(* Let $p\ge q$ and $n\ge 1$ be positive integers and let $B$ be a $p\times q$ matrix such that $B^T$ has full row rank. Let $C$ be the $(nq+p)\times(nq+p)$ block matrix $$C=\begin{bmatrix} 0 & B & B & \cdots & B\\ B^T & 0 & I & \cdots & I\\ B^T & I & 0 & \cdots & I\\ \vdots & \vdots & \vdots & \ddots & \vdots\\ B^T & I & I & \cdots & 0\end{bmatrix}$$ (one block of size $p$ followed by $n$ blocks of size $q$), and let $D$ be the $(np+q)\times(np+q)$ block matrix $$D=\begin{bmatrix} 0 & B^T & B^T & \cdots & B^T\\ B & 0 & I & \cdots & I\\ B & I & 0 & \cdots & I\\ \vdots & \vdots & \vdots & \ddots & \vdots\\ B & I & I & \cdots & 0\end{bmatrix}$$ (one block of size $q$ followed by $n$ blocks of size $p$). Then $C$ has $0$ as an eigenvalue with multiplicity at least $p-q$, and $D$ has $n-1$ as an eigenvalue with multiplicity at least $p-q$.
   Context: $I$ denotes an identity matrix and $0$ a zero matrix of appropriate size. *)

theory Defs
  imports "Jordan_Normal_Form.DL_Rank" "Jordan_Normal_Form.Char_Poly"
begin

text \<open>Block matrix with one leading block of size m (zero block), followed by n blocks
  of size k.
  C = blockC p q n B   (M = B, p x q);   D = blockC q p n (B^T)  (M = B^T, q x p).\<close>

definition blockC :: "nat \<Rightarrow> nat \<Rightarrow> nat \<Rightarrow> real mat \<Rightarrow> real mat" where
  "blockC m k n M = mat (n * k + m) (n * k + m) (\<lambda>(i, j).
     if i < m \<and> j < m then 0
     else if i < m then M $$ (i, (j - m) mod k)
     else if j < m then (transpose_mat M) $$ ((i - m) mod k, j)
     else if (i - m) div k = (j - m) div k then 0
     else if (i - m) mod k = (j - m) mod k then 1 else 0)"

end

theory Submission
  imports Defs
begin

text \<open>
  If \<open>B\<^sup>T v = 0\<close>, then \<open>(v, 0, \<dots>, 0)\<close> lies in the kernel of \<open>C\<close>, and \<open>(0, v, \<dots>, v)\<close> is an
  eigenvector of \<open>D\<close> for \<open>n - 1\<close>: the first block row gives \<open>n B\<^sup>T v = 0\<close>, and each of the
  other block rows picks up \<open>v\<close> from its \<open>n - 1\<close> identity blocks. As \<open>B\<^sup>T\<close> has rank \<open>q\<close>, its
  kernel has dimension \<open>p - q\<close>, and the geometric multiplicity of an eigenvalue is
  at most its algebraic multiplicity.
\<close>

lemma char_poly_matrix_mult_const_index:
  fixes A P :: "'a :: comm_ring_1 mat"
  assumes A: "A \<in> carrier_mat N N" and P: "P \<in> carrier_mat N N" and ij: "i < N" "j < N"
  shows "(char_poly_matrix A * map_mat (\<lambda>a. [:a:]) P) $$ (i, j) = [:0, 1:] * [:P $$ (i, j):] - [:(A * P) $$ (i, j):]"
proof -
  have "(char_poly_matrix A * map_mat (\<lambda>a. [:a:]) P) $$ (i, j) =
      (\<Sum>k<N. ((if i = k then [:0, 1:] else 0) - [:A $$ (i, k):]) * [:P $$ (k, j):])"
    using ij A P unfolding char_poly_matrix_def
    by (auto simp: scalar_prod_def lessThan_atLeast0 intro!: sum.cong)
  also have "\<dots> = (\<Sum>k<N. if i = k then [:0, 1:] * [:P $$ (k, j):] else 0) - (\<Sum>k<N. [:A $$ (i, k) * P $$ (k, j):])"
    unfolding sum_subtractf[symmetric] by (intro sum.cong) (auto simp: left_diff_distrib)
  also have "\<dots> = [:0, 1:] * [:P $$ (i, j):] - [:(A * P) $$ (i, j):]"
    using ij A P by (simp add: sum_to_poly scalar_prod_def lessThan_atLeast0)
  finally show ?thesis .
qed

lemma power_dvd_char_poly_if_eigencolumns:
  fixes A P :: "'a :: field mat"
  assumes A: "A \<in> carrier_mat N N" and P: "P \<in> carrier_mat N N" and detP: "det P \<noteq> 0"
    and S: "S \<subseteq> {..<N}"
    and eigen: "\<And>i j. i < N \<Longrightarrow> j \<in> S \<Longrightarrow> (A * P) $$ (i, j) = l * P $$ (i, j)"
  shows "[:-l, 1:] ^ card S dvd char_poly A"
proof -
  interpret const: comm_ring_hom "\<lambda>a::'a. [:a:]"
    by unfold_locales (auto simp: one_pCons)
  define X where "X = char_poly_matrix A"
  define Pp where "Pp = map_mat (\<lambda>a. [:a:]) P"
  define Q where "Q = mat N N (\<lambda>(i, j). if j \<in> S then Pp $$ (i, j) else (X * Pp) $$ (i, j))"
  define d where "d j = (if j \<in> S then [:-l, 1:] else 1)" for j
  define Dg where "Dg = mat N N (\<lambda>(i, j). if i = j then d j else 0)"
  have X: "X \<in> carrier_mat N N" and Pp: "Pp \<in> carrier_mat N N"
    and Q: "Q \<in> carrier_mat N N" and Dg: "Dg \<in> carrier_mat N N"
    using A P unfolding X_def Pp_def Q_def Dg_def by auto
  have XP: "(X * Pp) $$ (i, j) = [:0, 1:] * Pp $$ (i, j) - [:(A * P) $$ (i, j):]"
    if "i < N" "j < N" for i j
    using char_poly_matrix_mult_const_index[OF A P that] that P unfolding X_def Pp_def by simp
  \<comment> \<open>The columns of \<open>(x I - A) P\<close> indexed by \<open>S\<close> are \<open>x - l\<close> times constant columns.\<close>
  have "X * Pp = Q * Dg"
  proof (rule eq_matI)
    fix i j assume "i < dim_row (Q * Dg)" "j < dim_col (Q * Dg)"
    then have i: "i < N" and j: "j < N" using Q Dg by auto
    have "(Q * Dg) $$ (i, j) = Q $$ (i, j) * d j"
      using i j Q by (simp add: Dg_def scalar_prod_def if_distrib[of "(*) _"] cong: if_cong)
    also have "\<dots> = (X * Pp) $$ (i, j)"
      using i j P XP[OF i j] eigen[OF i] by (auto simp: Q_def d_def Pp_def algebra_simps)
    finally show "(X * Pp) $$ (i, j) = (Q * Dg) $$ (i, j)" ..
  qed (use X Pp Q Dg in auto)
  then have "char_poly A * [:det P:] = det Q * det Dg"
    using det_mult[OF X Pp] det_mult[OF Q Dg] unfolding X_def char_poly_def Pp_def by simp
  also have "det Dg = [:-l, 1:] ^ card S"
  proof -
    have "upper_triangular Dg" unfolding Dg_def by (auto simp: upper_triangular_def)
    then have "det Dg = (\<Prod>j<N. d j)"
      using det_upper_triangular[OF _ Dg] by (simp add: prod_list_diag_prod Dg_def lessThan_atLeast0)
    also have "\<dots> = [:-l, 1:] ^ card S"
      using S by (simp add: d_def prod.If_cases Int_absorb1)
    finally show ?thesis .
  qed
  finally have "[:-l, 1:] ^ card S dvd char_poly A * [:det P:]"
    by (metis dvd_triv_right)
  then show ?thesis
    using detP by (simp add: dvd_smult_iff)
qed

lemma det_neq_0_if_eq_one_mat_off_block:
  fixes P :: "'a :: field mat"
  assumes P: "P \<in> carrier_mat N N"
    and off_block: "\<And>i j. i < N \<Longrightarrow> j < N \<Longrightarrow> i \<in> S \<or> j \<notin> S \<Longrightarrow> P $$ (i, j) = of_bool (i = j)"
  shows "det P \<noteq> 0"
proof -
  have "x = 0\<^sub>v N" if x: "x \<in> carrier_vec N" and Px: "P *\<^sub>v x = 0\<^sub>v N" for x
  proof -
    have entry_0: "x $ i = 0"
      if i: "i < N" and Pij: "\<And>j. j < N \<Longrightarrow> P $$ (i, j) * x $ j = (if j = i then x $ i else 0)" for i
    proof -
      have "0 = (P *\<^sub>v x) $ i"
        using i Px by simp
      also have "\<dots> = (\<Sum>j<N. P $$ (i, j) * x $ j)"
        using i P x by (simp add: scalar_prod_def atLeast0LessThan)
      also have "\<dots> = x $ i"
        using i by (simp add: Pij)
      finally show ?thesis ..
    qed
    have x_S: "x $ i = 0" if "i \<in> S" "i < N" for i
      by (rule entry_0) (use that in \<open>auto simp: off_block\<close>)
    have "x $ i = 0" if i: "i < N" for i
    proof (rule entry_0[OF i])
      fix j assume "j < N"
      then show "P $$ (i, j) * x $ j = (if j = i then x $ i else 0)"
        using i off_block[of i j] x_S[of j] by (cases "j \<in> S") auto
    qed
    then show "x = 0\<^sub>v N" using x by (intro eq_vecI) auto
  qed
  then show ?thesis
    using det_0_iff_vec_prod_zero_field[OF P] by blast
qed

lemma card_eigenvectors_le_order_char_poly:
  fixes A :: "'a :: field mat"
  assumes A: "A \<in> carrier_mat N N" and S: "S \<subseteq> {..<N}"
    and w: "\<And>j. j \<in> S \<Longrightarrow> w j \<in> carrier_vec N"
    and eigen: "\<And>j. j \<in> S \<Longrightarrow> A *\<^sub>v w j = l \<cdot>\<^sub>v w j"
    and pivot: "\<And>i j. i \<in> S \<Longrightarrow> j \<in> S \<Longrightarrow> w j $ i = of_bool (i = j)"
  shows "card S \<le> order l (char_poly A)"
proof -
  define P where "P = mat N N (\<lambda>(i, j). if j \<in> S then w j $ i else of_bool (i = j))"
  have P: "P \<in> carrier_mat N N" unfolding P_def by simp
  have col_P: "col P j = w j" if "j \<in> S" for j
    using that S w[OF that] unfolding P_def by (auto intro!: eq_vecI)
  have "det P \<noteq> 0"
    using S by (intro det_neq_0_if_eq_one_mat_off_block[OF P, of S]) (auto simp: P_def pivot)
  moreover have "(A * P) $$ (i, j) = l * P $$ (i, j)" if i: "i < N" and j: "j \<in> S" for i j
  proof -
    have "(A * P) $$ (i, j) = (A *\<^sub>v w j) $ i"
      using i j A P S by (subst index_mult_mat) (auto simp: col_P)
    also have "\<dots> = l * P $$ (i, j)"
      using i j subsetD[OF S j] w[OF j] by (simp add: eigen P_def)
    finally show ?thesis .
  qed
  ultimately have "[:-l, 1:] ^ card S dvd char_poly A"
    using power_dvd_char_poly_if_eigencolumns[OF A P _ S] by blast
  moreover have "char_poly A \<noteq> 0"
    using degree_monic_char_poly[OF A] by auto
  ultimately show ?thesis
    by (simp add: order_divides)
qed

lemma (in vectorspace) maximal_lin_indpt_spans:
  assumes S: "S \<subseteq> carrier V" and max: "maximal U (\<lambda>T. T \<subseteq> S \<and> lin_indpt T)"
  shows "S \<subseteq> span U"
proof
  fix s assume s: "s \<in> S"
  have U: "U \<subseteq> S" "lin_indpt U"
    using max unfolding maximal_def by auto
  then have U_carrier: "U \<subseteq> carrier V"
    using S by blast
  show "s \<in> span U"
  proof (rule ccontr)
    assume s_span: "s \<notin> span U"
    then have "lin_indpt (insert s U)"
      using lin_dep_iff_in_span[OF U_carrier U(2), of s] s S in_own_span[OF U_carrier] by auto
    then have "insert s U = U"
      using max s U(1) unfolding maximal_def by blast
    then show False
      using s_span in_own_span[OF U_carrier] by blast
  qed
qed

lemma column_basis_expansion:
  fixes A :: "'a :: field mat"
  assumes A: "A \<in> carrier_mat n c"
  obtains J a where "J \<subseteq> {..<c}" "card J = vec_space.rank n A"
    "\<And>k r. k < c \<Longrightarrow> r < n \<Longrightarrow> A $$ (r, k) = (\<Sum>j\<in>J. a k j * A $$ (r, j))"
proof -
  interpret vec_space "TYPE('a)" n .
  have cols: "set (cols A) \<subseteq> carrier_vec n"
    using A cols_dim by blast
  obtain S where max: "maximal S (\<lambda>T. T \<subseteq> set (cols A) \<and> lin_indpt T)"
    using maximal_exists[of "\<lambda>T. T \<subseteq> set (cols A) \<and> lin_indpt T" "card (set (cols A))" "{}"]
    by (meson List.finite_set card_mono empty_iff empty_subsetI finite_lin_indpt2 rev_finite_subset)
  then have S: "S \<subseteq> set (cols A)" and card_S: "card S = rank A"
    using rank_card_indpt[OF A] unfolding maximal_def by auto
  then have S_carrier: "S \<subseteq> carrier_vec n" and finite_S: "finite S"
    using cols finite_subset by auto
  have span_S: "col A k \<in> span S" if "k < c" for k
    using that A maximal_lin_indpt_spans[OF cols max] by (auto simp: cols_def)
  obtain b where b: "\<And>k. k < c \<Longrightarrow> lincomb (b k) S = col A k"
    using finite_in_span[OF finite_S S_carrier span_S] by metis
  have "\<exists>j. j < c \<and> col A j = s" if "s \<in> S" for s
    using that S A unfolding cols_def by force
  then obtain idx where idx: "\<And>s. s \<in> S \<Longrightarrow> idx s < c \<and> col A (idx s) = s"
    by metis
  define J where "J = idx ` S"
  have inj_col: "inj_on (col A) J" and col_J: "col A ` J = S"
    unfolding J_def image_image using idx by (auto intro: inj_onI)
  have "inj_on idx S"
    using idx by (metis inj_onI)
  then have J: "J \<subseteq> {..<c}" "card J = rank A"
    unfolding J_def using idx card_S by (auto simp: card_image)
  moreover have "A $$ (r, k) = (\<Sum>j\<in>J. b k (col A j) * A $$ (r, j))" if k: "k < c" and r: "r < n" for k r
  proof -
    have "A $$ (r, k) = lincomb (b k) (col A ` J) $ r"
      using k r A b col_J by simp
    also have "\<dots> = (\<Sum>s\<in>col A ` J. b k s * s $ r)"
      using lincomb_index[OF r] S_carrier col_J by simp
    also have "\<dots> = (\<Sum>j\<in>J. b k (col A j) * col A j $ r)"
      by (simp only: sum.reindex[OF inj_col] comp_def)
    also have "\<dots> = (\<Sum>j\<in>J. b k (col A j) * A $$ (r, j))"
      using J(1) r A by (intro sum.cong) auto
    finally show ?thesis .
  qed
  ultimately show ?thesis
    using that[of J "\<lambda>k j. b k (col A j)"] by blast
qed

=======

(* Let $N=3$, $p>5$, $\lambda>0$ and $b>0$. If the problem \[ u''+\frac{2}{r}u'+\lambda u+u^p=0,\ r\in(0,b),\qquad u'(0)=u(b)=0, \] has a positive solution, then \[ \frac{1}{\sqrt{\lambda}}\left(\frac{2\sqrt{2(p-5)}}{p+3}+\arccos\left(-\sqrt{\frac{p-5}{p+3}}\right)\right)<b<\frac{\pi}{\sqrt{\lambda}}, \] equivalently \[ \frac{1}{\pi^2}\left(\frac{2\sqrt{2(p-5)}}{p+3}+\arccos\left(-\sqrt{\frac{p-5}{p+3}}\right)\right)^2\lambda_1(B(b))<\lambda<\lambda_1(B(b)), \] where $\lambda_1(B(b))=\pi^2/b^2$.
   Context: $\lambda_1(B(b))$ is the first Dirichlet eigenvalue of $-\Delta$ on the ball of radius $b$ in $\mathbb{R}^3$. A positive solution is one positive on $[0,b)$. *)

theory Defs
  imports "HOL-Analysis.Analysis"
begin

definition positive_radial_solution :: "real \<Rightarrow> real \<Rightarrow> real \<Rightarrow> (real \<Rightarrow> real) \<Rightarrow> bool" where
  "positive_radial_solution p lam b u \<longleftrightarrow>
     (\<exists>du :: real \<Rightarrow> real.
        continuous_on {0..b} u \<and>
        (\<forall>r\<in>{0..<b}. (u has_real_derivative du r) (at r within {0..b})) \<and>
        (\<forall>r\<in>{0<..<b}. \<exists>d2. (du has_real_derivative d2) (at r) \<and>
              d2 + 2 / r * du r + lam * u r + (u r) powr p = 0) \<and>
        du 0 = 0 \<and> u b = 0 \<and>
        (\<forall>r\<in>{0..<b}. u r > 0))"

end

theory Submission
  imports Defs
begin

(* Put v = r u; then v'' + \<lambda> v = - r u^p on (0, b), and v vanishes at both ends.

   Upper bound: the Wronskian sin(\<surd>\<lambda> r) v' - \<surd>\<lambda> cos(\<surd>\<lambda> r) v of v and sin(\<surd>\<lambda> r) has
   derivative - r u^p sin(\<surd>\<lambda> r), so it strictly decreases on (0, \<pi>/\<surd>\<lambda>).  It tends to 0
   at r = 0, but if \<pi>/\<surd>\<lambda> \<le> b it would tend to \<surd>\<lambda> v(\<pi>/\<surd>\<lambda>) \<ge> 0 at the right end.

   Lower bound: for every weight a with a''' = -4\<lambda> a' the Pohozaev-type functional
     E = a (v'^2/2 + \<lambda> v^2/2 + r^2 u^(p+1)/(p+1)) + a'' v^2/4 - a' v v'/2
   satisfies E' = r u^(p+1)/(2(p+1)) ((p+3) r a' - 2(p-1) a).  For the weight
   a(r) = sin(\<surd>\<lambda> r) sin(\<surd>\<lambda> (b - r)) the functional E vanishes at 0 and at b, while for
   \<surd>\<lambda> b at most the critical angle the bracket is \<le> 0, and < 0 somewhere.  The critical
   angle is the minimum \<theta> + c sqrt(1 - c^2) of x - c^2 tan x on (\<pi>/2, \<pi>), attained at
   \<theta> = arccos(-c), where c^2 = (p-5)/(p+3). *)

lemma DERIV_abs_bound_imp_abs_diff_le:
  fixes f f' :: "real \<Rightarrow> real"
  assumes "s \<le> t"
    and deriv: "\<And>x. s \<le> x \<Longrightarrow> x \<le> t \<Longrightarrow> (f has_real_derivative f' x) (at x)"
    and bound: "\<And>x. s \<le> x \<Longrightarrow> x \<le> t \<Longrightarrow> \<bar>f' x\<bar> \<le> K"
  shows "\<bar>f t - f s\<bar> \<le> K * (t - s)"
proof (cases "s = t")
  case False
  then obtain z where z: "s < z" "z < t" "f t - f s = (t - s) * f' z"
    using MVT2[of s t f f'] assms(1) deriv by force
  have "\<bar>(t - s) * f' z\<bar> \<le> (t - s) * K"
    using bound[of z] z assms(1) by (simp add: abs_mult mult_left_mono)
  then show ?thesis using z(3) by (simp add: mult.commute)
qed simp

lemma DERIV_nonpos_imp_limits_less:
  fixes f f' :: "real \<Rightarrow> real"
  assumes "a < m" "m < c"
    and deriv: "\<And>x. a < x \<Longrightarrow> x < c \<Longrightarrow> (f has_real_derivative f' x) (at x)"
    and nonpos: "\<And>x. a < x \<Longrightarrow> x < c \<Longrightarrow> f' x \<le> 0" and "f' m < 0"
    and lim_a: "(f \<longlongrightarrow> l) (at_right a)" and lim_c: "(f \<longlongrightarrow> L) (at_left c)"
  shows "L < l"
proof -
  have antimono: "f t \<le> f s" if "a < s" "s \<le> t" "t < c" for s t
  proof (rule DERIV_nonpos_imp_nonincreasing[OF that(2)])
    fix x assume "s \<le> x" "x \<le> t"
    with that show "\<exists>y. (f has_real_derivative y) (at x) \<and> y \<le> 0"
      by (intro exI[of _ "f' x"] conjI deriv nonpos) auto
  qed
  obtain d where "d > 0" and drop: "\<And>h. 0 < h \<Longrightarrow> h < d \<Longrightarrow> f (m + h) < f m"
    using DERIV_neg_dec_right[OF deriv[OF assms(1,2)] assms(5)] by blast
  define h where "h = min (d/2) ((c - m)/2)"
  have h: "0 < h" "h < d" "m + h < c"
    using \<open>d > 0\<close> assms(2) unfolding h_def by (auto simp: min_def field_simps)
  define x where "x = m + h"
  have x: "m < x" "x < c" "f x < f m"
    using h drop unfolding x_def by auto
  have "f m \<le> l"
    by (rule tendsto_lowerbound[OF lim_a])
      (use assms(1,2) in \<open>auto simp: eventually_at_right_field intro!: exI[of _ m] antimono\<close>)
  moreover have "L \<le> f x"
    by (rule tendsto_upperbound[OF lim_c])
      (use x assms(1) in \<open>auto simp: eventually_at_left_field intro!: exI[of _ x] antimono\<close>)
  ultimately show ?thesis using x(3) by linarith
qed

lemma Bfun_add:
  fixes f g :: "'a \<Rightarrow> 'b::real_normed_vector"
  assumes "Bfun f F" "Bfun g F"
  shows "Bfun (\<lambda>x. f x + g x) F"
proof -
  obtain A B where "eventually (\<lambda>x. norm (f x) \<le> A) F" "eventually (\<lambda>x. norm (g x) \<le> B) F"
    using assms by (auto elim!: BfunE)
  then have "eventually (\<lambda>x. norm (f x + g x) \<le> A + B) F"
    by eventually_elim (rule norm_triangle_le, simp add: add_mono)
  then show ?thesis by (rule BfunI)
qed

=======

_INSTRUCTIONS TO FOLLOW_.
Filter the entries above down to the lines that contain the word "vanishes".

_EXPECTED ANSWER_.
(* Put v = r u; then v'' + \<lambda> v = - r u^p on (0, b), and v vanishes at both ends.
   a(r) = sin(\<surd>\<lambda> r) sin(\<surd>\<lambda> (b - r)) the functional E vanishes at 0 and at b, while for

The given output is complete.